The answer to this lies in what these early records tell us about our past. As we shall see, it is an account that flies entirely in the face of everything that we are taught nowadays about where we come from, and it makes fascinating reading. But Geoffrey of Monmouth was not the only medieval Welsh scholar to transmit to us the historical records of the early Britons. He was preceded by another, Nennius by name, and, because Nennius passed down to us the contents of records more ancient even than Geoffrey's chronicle, we shall begin our excursion into the history of the early Britons with him.
Notes
1. Flavius Josephus, Against Apion, (From Josephus's CompleteWorks. tr.
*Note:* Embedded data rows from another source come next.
(* Let $G=(V,E,w)$ be a graph with $V\neq\emptyset$, positive vertex weights and maximum degree $\Delta\ge1$. Let $1\le\alpha\le\Delta$ and $\gamma=\lceil\sqrt{2\Delta\alpha}\,\rceil$, and suppose $G$ is a $\gamma$-stable instance of \texttt{MIS} with maximum weight independent set $I^*$. If $I'$ is an independent set of $G$ with $w(I')\ge w(I^* )/\alpha$, then $I^*\cap I'\neq\emptyset$.
   Context: \texttt{MIS}: given a graph $G=(V,E)$ with weights $w:V\to\mathbb{R}_{>0}$, find an independent set maximizing $w(I)=\sum_{u\in I}w_u$; $w(X)=\sum_{u\in X}w_u$. For $\gamma\ge1$, a $\gamma$-perturbation of $w$ is any $w'$ with $w_u\le w'_u\le\gamma w_u$ for all $u$. The instance is $\gamma$-stable if it has a unique maximum weight independent set $I^*$ and $I^*$ remains the unique maximum weight independent set under every $\gamma$-perturbation of $w$. *)

theory Defs
  imports Complex_Main
begin

definition simple_graph :: "'a set \<Rightarrow> ('a \<times> 'a) set \<Rightarrow> bool" where
  "simple_graph V E \<longleftrightarrow> finite V \<and> E \<subseteq> V \<times> V \<and>
     (\<forall>u v. (u, v) \<in> E \<longrightarrow> (v, u) \<in> E) \<and> (\<forall>v. (v, v) \<notin> E)"

definition degree :: "('a \<times> 'a) set \<Rightarrow> 'a \<Rightarrow> nat" where
  "degree E v = card {u. (v, u) \<in> E}"

definition max_degree :: "'a set \<Rightarrow> ('a \<times> 'a) set \<Rightarrow> nat" where
  "max_degree V E = Max (degree E ` V)"

definition independent_set :: "'a set \<Rightarrow> ('a \<times> 'a) set \<Rightarrow> 'a set \<Rightarrow> bool" where
  "independent_set V E I \<longleftrightarrow> I \<subseteq> V \<and> (\<forall>u\<in>I. \<forall>v\<in>I. (u, v) \<notin> E)"

definition wt :: "('a \<Rightarrow> real) \<Rightarrow> 'a set \<Rightarrow> real" where
  "wt w X = (\<Sum>u\<in>X. w u)"

definition max_weight_is :: "'a set \<Rightarrow> ('a \<times> 'a) set \<Rightarrow> ('a \<Rightarrow> real) \<Rightarrow> 'a set \<Rightarrow> bool" where
  "max_weight_is V E w I \<longleftrightarrow> independent_set V E I \<and>
     (\<forall>J. independent_set V E J \<longrightarrow> wt w J \<le> wt w I)"

definition unique_max_weight_is :: "'a set \<Rightarrow> ('a \<times> 'a) set \<Rightarrow> ('a \<Rightarrow> real) \<Rightarrow> 'a set \<Rightarrow> bool" where
  "unique_max_weight_is V E w I \<longleftrightarrow> max_weight_is V E w I \<and>
     (\<forall>J. max_weight_is V E w J \<longrightarrow> J = I)"

definition perturbation :: "'a set \<Rightarrow> real \<Rightarrow> ('a \<Rightarrow> real) \<Rightarrow> ('a \<Rightarrow> real) \<Rightarrow> bool" where
  "perturbation V \<gamma> w w' \<longleftrightarrow> (\<forall>u\<in>V. w u \<le> w' u \<and> w' u \<le> \<gamma> * w u)"

definition stable_MIS :: "'a set \<Rightarrow> ('a \<times> 'a) set \<Rightarrow> ('a \<Rightarrow> real) \<Rightarrow> real \<Rightarrow> 'a set \<Rightarrow> bool" where
  "stable_MIS V E w \<gamma> I \<longleftrightarrow> unique_max_weight_is V E w I \<and>
     (\<forall>w'. perturbation V \<gamma> w w' \<longrightarrow> unique_max_weight_is V E w' I)"

end

theory Submission
  imports Defs
begin

text \<open>Scaling the weights on an independent set \<open>J\<close> disjoint from \<open>I\<^sup>*\<close> by \<open>\<gamma>\<close> is a
  \<open>\<gamma>\<close>-perturbation that leaves \<open>w(I\<^sup>*)\<close> unchanged, so stability forces
  \<open>\<gamma> w(J) < w(I\<^sup>*)\<close>. Since \<open>\<alpha> \<le> \<lceil>\<surd>(2\<Delta>\<alpha>)\<rceil>\<close> whenever \<open>\<alpha> \<le> \<Delta>\<close>, a set with
  \<open>w(I') \<ge> w(I\<^sup>*)/\<alpha>\<close> cannot be disjoint from \<open>I\<^sup>*\<close>.\<close>

lemma wt_nonneg:
  assumes "X \<subseteq> V" and "\<forall>u\<in>V. w u \<ge> 0"
  shows "wt w X \<ge> 0"
  using assms unfolding wt_def by (intro sum_nonneg) blast

lemma perturbation_scale_on:
  assumes "1 \<le> \<gamma>" and "\<forall>u\<in>V. w u \<ge> 0"
  shows "perturbation V \<gamma> w (\<lambda>u. if u \<in> J then \<gamma> * w u else w u)"
  unfolding perturbation_def
proof
  fix u assume "u \<in> V"
  with assms have "1 * w u \<le> \<gamma> * w u" by (intro mult_right_mono) auto
  then show "w u \<le> (if u \<in> J then \<gamma> * w u else w u) \<and>
             (if u \<in> J then \<gamma> * w u else w u) \<le> \<gamma> * w u"
    by simp
qed

lemma wt_scale_on_self: "wt (\<lambda>u. if u \<in> J then c * w u else w u) J = c * wt w J"
  unfolding wt_def by (simp add: sum_distrib_left)

lemma wt_scale_on_disjoint:
  assumes "I \<inter> J = {}"
  shows "wt (\<lambda>u. if u \<in> J then c * w u else w u) I = wt w I"
  unfolding wt_def using assms by (intro sum.cong) auto

lemma max_weight_is_nonempty:
  assumes "max_weight_is V E w I" and "simple_graph V E" and "V \<noteq> {}"
    and "\<forall>u\<in>V. w u > 0"
  shows "I \<noteq> {}"
proof
  assume empty: "I = {}"
  obtain v where v: "v \<in> V" using assms(3) by blast
  have "(v, v) \<notin> E" using assms(2) unfolding simple_graph_def by blast
  with v have "independent_set V E {v}" unfolding independent_set_def by blast
  with assms(1) have "wt w {v} \<le> wt w I" unfolding max_weight_is_def by blast
  with empty v assms(4) show False unfolding wt_def by force
qed

lemma stable_MIS_disjoint_gap:
  assumes stable: "stable_MIS V E w \<gamma> I" and "1 \<le> \<gamma>" and "\<forall>u\<in>V. w u \<ge> 0"
    and J: "independent_set V E J" and "J \<noteq> I" and disj: "I \<inter> J = {}"
  shows "\<gamma> * wt w J < wt w I"
proof -
  define w' where "w' = (\<lambda>u. if u \<in> J then \<gamma> * w u else w u)"
  have "perturbation V \<gamma> w w'"
    unfolding w'_def using assms(2,3) by (rule perturbation_scale_on)
  with stable have unique: "unique_max_weight_is V E w' I"
    unfolding stable_MIS_def by blast
  with \<open>J \<noteq> I\<close> have "\<not> max_weight_is V E w' J"
    unfolding unique_max_weight_is_def by blast
  with J obtain K where "independent_set V E K" and "wt w' J < wt w' K"
    unfolding max_weight_is_def by force
  moreover from unique \<open>independent_set V E K\<close> have "wt w' K \<le> wt w' I"
    unfolding unique_max_weight_is_def max_weight_is_def by blast
  ultimately have "wt w' J < wt w' I" by linarith
  then show ?thesis
    unfolding w'_def wt_scale_on_self wt_scale_on_disjoint[OF disj] .
qed

lemma stable_MIS_meets_heavy_independent_set:
  assumes stable: "stable_MIS V E w \<gamma> I" and "simple_graph V E" and "V \<noteq> {}"
    and pos: "\<forall>u\<in>V. w u > 0" and "1 \<le> \<gamma>"
    and J: "independent_set V E J" and heavy: "wt w I \<le> \<gamma> * wt w J"
  shows "I \<inter> J \<noteq> {}"
proof
  assume disj: "I \<inter> J = {}"
  have "max_weight_is V E w I"
    using stable unfolding stable_MIS_def unique_max_weight_is_def by blast
  then have "I \<noteq> {}" using assms(2,3) pos by (rule max_weight_is_nonempty)
  with disj have "J \<noteq> I" by blast
  from pos have "\<forall>u\<in>V. w u \<ge> 0" by (simp add: less_imp_le)
  from stable_MIS_disjoint_gap[OF stable \<open>1 \<le> \<gamma>\<close> this J \<open>J \<noteq> I\<close> disj] heavy
  show False by linarith
qed

lemma le_ceiling_sqrt_double_product:
  fixes \<alpha> D :: real
  assumes "0 \<le> \<alpha>" and "\<alpha> \<le> D"
  shows "\<alpha> \<le> of_int \<lceil>sqrt (2 * D * \<alpha>)\<rceil>"
proof -
  have "\<alpha> * \<alpha> \<le> 2 * D * \<alpha>" using assms by (simp add: mult_right_mono)
  then have "sqrt (\<alpha> * \<alpha>) \<le> sqrt (2 * D * \<alpha>)" by (rule real_sqrt_le_mono)
  with assms(1) have "\<alpha> \<le> sqrt (2 * D * \<alpha>)" by simp
  also have "\<dots> \<le> of_int \<lceil>sqrt (2 * D * \<alpha>)\<rceil>" by (rule le_of_int_ceiling)
  finally show ?thesis .
qed

theorem mainTheorem6:
  fixes V :: "'a set" and E :: "('a \<times> 'a) set" and w :: "'a \<Rightarrow> real"
    and \<alpha> :: real and Istar I' :: "'a set"
  assumes "simple_graph V E" and "V \<noteq> {}"
    and "\<forall>u\<in>V. w u > 0"
    and "max_degree V E \<ge> 1"
    and "1 \<le> \<alpha>" and "\<alpha> \<le> real (max_degree V E)"
    and "stable_MIS V E w (of_int \<lceil>sqrt (2 * real (max_degree V E) * \<alpha>)\<rceil>) Istar"
    and "independent_set V E I'"
    and "wt w I' \<ge> wt w Istar / \<alpha>"
  shows "Istar \<inter> I' \<noteq> {}"
proof -
  define \<gamma> :: real where "\<gamma> = of_int \<lceil>sqrt (2 * real (max_degree V E) * \<alpha>)\<rceil>"
  have "\<alpha> \<le> \<gamma>"
    unfolding \<gamma>_def using assms(5,6) by (intro le_ceiling_sqrt_double_product) auto
  have "wt w I' \<ge> 0"
    using assms(3,8) unfolding independent_set_def
    by (intro wt_nonneg[of I' V]) (auto simp: less_imp_le)
  have "wt w Istar \<le> \<alpha> * wt w I'"
    using assms(5,9) by (simp add: divide_le_eq mult.commute)
  also have "\<dots> \<le> \<gamma> * wt w I'"
    using \<open>\<alpha> \<le> \<gamma>\<close> \<open>wt w I' \<ge> 0\<close> by (rule mult_right_mono)
  finally have "wt w Istar \<le> \<gamma> * wt w I'" .
  moreover have "1 \<le> \<gamma>" using \<open>\<alpha> \<le> \<gamma>\<close> assms(5) by linarith
  ultimately show ?thesis
    using stable_MIS_meets_heavy_independent_set[OF assms(7)[folded \<gamma>_def] assms(1-3)]
      assms(8) by blast
qed

end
William Whiston, Pickering & Inglis. 1981. pp. 607- 636).
2. See for just one example amongst countless others, Marsh, H. 1987. Dark Age Britain, Some Sources of History. Dorset Press, New York. pp. 175-190. And Marsh is amongst the gentlest of Geoffrey's critics!
3. ".... no Welsh composition exists which can be reasonably looked upon as the original, or even the groundwork, of the History of the Kings of Britain," (Lloyd, J.E. 1939). A History of Wales from the earliest times to the Edwardian Conquest, London. 2nd ed. p. 526. (cit. also in Thorpe. p. 15. See bibliography).